PROBLEM TO WORK ON: The first line of the entries through the line bearing "with assms(3) have": copy these lines exactly and return nothing else.

[Stored data entries]
########################################

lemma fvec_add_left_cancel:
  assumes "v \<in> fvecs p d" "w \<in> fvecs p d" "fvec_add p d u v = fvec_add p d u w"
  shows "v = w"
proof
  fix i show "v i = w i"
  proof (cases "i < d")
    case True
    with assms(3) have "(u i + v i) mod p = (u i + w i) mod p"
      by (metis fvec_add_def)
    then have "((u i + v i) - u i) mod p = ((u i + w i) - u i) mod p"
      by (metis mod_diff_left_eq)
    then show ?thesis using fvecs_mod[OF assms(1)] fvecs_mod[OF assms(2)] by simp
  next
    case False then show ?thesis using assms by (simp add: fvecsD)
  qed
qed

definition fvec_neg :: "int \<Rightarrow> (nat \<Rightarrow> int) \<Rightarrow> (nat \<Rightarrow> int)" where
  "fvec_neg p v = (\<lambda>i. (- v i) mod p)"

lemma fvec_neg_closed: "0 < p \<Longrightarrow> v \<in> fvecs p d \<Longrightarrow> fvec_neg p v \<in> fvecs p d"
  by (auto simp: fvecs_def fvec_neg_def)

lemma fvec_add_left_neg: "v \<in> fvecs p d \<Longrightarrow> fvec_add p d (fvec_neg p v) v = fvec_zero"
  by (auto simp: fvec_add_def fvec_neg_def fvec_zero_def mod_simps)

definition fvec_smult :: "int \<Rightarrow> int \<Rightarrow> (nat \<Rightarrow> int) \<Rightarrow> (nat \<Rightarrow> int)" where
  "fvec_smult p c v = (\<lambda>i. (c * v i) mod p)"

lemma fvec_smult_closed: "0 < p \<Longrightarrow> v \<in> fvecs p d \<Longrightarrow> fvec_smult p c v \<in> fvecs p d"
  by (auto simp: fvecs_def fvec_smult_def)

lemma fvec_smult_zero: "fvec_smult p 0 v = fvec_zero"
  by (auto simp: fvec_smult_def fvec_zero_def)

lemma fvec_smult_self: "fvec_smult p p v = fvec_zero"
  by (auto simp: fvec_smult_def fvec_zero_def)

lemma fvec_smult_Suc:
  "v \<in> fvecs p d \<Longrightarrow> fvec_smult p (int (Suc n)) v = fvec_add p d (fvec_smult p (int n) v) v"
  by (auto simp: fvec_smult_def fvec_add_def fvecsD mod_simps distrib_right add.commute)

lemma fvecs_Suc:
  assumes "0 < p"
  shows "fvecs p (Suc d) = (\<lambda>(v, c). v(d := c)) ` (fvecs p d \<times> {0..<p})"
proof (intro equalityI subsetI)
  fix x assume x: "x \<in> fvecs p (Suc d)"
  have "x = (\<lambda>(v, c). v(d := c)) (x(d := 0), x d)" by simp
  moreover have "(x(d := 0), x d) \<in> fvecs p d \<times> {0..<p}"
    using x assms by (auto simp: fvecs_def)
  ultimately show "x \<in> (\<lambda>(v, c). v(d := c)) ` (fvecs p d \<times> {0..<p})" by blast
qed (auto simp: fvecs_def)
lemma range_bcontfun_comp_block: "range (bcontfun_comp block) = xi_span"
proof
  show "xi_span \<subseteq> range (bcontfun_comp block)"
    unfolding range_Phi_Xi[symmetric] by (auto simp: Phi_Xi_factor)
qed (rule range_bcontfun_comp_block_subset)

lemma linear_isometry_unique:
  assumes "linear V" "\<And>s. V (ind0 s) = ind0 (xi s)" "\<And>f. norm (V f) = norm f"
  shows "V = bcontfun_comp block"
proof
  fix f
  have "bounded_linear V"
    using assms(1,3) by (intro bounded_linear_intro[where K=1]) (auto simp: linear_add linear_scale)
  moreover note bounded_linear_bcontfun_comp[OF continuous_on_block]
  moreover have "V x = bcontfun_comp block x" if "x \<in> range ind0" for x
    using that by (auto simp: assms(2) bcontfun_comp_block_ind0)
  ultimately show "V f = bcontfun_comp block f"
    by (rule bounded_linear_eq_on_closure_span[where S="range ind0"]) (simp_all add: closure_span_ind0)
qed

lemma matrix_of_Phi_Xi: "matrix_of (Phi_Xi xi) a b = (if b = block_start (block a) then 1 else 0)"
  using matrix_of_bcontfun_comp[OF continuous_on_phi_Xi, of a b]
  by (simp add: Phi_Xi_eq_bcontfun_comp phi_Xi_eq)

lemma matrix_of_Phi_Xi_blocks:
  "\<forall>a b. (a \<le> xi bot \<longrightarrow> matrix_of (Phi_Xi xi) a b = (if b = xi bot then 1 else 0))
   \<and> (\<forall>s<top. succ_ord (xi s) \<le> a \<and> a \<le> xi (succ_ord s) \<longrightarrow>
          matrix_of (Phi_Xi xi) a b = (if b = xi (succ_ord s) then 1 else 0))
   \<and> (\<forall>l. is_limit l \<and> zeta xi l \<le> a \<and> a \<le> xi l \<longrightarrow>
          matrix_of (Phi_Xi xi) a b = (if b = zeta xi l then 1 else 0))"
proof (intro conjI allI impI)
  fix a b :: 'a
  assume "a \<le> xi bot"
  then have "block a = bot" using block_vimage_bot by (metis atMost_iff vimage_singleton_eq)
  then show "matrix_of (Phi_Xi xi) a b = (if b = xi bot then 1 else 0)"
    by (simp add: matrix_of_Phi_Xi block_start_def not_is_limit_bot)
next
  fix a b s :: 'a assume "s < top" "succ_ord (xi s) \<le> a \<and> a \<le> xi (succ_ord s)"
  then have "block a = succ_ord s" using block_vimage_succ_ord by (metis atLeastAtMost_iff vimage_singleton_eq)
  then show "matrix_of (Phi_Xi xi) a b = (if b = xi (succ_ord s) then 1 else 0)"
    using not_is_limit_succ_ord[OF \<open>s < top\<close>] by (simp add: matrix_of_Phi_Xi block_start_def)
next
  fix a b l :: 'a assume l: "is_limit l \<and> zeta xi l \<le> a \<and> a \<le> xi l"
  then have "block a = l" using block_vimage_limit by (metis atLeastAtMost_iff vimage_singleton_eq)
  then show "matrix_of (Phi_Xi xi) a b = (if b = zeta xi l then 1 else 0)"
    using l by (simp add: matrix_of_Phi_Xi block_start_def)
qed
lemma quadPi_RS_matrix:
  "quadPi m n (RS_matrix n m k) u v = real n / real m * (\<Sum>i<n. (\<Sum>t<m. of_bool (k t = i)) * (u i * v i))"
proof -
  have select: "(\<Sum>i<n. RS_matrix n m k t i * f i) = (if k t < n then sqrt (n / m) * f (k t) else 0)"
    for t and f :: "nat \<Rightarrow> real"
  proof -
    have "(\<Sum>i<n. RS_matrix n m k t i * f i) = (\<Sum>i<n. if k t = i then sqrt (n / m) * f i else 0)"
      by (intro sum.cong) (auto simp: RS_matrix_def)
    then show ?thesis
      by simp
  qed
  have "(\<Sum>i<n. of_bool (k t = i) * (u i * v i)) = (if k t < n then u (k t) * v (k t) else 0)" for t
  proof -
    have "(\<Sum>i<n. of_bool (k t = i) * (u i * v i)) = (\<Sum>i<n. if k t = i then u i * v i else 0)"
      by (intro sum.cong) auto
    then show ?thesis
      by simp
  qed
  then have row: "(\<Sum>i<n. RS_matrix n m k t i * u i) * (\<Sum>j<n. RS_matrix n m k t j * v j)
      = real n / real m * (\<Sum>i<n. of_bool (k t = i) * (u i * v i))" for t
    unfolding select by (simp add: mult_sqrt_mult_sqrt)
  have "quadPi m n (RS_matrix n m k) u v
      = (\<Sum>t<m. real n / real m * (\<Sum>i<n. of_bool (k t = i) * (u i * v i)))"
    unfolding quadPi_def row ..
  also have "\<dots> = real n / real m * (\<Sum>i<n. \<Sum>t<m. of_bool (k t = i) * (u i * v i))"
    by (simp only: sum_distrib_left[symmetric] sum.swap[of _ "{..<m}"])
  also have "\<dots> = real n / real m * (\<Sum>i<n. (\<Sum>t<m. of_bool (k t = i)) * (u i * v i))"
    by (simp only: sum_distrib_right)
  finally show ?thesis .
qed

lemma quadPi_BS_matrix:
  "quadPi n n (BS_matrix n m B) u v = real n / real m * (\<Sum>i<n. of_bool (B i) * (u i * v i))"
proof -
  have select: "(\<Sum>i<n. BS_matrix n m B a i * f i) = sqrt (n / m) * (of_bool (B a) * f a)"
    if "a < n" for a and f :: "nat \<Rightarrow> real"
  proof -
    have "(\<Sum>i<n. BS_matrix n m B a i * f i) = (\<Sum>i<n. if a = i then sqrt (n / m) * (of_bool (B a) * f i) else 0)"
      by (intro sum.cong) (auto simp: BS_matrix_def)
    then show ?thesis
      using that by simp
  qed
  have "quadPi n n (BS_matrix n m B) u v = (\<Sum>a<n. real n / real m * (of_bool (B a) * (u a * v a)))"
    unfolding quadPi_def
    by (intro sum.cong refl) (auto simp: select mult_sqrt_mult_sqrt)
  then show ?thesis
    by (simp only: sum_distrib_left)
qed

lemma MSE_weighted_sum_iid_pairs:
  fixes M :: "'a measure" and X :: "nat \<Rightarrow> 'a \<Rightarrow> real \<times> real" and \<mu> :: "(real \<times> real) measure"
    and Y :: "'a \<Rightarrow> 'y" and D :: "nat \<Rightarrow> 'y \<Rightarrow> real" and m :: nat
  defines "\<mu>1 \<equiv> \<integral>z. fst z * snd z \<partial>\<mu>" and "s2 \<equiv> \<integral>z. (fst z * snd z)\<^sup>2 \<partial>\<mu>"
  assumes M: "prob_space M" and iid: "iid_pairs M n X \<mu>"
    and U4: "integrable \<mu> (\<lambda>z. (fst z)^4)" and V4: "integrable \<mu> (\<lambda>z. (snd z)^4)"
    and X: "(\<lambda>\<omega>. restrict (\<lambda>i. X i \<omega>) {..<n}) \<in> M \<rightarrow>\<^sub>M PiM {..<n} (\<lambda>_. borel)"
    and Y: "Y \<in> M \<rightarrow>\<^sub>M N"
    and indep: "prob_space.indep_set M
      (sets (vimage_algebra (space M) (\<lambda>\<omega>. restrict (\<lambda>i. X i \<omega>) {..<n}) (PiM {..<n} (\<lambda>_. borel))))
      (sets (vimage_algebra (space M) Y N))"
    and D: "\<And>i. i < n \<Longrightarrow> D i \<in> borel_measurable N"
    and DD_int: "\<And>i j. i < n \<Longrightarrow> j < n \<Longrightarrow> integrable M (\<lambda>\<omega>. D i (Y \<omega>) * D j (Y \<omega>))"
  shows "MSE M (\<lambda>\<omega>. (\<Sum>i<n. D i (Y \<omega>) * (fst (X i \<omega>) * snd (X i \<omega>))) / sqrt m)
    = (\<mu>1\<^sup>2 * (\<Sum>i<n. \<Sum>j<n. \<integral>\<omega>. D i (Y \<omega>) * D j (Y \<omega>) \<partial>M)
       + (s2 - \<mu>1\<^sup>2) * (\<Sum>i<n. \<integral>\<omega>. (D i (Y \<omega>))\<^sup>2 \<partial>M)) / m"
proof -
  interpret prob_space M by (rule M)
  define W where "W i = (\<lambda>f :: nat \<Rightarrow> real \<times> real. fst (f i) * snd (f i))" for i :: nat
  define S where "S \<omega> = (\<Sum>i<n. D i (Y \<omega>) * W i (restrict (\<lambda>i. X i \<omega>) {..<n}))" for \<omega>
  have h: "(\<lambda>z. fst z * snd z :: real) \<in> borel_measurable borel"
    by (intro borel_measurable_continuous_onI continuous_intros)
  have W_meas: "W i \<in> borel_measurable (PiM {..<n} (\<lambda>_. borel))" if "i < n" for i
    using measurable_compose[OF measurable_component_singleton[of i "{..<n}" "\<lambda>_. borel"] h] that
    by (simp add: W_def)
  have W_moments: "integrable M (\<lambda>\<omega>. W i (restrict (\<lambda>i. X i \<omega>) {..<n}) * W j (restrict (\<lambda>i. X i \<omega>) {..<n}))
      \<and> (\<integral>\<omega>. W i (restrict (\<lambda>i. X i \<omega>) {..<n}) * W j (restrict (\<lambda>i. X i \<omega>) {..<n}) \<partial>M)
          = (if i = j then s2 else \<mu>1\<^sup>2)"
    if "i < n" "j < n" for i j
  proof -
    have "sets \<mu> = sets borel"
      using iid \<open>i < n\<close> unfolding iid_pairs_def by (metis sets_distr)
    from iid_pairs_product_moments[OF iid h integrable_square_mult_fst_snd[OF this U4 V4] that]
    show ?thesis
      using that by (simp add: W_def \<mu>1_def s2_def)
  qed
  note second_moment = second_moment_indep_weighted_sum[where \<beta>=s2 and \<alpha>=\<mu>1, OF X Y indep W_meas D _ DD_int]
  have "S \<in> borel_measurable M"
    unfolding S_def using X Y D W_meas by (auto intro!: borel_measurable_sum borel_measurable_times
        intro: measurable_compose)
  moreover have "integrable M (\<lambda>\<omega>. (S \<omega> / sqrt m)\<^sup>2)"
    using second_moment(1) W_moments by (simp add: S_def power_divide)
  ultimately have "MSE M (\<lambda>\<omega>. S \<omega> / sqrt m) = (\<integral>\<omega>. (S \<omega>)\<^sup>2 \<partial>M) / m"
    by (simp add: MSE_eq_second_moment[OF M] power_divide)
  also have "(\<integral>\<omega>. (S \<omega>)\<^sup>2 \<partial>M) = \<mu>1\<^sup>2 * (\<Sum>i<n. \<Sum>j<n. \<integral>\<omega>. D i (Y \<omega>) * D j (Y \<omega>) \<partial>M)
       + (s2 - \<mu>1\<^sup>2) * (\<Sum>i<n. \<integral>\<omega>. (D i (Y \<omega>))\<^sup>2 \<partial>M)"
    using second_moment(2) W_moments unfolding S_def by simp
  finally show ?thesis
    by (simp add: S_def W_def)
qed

########################################

EXERCISE OUTPUT:
lemma fvec_add_left_cancel:
  assumes "v \<in> fvecs p d" "w \<in> fvecs p d" "fvec_add p d u v = fvec_add p d u w"
  shows "v = w"
proof
  fix i show "v i = w i"
  proof (cases "i < d")
    case True
    with assms(3) have "(u i + v i) mod p = (u i + w i) mod p"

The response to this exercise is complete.